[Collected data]

== == ==

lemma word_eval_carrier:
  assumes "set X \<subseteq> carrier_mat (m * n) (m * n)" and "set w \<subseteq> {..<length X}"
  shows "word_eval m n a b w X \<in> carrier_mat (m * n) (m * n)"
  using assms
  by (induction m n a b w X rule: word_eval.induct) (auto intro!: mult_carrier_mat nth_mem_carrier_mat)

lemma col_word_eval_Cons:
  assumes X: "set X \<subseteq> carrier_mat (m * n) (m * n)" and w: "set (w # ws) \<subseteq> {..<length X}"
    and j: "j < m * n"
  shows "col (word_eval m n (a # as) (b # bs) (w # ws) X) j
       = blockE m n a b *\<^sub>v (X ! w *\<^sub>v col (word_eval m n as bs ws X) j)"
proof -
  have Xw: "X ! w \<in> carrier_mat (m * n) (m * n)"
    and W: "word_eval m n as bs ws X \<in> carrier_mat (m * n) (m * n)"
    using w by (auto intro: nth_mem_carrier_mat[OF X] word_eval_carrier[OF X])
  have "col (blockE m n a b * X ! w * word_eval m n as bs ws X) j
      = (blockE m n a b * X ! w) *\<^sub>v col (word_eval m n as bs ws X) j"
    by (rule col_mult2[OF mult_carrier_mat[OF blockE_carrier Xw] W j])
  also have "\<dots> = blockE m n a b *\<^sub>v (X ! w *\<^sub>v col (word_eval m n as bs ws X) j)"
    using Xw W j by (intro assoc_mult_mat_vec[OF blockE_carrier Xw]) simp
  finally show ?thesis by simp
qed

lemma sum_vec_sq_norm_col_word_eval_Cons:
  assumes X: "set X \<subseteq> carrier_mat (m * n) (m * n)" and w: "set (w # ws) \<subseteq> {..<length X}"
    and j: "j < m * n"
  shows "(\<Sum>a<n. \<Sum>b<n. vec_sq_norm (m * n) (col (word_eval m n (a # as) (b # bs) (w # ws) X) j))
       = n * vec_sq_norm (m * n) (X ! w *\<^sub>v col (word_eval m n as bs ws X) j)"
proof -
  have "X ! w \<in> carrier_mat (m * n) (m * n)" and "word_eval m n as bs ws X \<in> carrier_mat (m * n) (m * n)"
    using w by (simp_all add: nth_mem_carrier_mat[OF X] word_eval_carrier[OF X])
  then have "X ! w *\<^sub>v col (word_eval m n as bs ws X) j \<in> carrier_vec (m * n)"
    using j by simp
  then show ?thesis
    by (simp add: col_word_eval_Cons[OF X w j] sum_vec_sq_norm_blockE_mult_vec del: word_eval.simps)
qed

== == ==

Write out all the entries once more, exactly.

lemma word_eval_carrier:
  assumes "set X \<subseteq> carrier_mat (m * n) (m * n)" and "set w \<subseteq> {..<length X}"
  shows "word_eval m n a b w X \<in> carrier_mat (m * n) (m * n)"
  using assms
  by (induction m n a b w X rule: word_eval.induct) (auto intro!: mult_carrier_mat nth_mem_carrier_mat)

lemma col_word_eval_Cons:
  assumes X: "set X \<subseteq> carrier_mat (m * n) (m * n)" and w: "set (w # ws) \<subseteq> {..<length X}"
    and j: "j < m * n"
  shows "col (word_eval m n (a # as) (b # bs) (w # ws) X) j
       = blockE m n a b *\<^sub>v (X ! w *\<^sub>v col (word_eval m n as bs ws X) j)"
proof -
  have Xw: "X ! w \<in> carrier_mat (m * n) (m * n)"
    and W: "word_eval m n as bs ws X \<in> carrier_mat (m * n) (m * n)"
    using w by (auto intro: nth_mem_carrier_mat[OF X] word_eval_carrier[OF X])
  have "col (blockE m n a b * X ! w * word_eval m n as bs ws X) j
      = (blockE m n a b * X ! w) *\<^sub>v col (word_eval m n as bs ws X) j"
    by (rule col_mult2[OF mult_carrier_mat[OF blockE_carrier Xw] W j])
  also have "\<dots> = blockE m n a b *\<^sub>v (X ! w *\<^sub>v col (word_eval m n as bs ws X) j)"
    using Xw W j by (intro assoc_mult_mat_vec[OF blockE_carrier Xw]) simp
  finally show ?thesis by simp
qed

lemma sum_vec_sq_norm_col_word_eval_Cons:
  assumes X: "set X \<subseteq> carrier_mat (m * n) (m * n)" and w: "set (w # ws) \<subseteq> {..<length X}"
    and j: "j < m * n"
  shows "(\<Sum>a<n. \<Sum>b<n. vec_sq_norm (m * n) (col (word_eval m n (a # as) (b # bs) (w # ws) X) j))
       = n * vec_sq_norm (m * n) (X ! w *\<^sub>v col (word_eval m n as bs ws X) j)"
proof -
  have "X ! w \<in> carrier_mat (m * n) (m * n)" and "word_eval m n as bs ws X \<in> carrier_mat (m * n) (m * n)"
    using w by (simp_all add: nth_mem_carrier_mat[OF X] word_eval_carrier[OF X])
  then have "X ! w *\<^sub>v col (word_eval m n as bs ws X) j \<in> carrier_vec (m * n)"
    using j by simp
  then show ?thesis
    by (simp add: col_word_eval_Cons[OF X w j] sum_vec_sq_norm_blockE_mult_vec del: word_eval.simps)
qed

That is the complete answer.